YOUR GOAL
Would you copy out each line of the records below that includes the word "union"?

RECORDS SHOWN
=====
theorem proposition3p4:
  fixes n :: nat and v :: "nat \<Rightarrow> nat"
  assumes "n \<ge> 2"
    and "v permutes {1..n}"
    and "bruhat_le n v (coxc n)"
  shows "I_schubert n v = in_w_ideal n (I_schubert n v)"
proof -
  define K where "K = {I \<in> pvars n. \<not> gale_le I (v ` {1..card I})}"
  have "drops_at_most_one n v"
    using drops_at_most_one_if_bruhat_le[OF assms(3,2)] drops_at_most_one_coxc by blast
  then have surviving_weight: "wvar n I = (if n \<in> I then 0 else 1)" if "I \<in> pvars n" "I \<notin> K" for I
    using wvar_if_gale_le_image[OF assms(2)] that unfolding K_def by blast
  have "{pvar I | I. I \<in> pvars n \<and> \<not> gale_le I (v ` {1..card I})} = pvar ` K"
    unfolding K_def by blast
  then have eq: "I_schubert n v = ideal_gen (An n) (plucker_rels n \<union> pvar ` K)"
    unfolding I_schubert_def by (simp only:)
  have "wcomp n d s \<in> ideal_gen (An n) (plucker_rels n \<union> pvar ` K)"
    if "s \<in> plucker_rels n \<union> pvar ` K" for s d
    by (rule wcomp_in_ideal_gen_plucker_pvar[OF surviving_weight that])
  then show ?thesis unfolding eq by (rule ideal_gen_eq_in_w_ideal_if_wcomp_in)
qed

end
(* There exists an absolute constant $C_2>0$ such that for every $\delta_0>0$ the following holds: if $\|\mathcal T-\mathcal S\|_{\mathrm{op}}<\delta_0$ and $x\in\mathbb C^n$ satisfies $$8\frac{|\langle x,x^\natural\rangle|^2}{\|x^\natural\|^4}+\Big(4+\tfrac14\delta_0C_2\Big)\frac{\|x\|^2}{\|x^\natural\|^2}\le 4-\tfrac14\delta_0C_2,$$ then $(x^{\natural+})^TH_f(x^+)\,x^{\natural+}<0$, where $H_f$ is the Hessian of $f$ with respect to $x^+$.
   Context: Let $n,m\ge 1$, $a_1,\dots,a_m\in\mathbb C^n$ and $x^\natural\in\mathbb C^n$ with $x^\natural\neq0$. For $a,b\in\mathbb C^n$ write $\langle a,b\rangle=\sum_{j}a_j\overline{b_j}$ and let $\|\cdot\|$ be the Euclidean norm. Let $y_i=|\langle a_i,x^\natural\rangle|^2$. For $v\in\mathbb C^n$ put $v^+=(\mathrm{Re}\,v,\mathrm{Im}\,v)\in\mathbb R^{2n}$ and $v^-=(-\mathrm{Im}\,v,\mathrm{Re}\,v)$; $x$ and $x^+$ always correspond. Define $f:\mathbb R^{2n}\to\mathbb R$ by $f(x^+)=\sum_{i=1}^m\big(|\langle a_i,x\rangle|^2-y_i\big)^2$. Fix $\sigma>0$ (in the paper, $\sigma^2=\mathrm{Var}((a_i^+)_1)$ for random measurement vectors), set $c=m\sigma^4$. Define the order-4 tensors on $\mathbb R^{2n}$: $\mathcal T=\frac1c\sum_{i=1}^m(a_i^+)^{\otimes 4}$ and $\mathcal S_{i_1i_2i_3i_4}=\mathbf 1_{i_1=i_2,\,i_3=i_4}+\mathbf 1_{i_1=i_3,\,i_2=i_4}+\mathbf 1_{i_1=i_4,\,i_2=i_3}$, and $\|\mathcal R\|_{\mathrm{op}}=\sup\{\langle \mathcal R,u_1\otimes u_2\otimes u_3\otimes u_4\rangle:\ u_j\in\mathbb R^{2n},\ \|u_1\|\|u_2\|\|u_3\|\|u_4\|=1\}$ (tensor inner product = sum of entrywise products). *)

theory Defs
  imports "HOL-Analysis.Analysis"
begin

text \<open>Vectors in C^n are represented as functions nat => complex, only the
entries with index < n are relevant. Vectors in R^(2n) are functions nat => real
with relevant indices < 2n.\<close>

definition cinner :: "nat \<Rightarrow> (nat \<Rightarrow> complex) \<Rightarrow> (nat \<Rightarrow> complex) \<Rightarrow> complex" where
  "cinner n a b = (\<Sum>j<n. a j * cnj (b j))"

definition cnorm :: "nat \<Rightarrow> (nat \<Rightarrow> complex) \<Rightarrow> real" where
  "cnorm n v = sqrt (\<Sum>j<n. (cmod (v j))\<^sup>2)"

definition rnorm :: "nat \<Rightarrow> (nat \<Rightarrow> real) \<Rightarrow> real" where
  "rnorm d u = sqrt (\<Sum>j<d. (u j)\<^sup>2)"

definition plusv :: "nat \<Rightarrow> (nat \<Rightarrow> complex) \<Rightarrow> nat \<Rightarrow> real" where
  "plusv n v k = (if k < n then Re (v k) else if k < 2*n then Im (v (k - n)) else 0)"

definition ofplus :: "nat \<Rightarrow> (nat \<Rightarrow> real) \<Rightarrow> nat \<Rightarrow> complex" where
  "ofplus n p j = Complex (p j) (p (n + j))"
=====
ANSWER TO THE PROBLEM
  then have eq: "I_schubert n v = ideal_gen (An n) (plucker_rels n \<union> pvar ` K)"
  have "wcomp n d s \<in> ideal_gen (An n) (plucker_rels n \<union> pvar ` K)"
    if "s \<in> plucker_rels n \<union> pvar ` K" for s d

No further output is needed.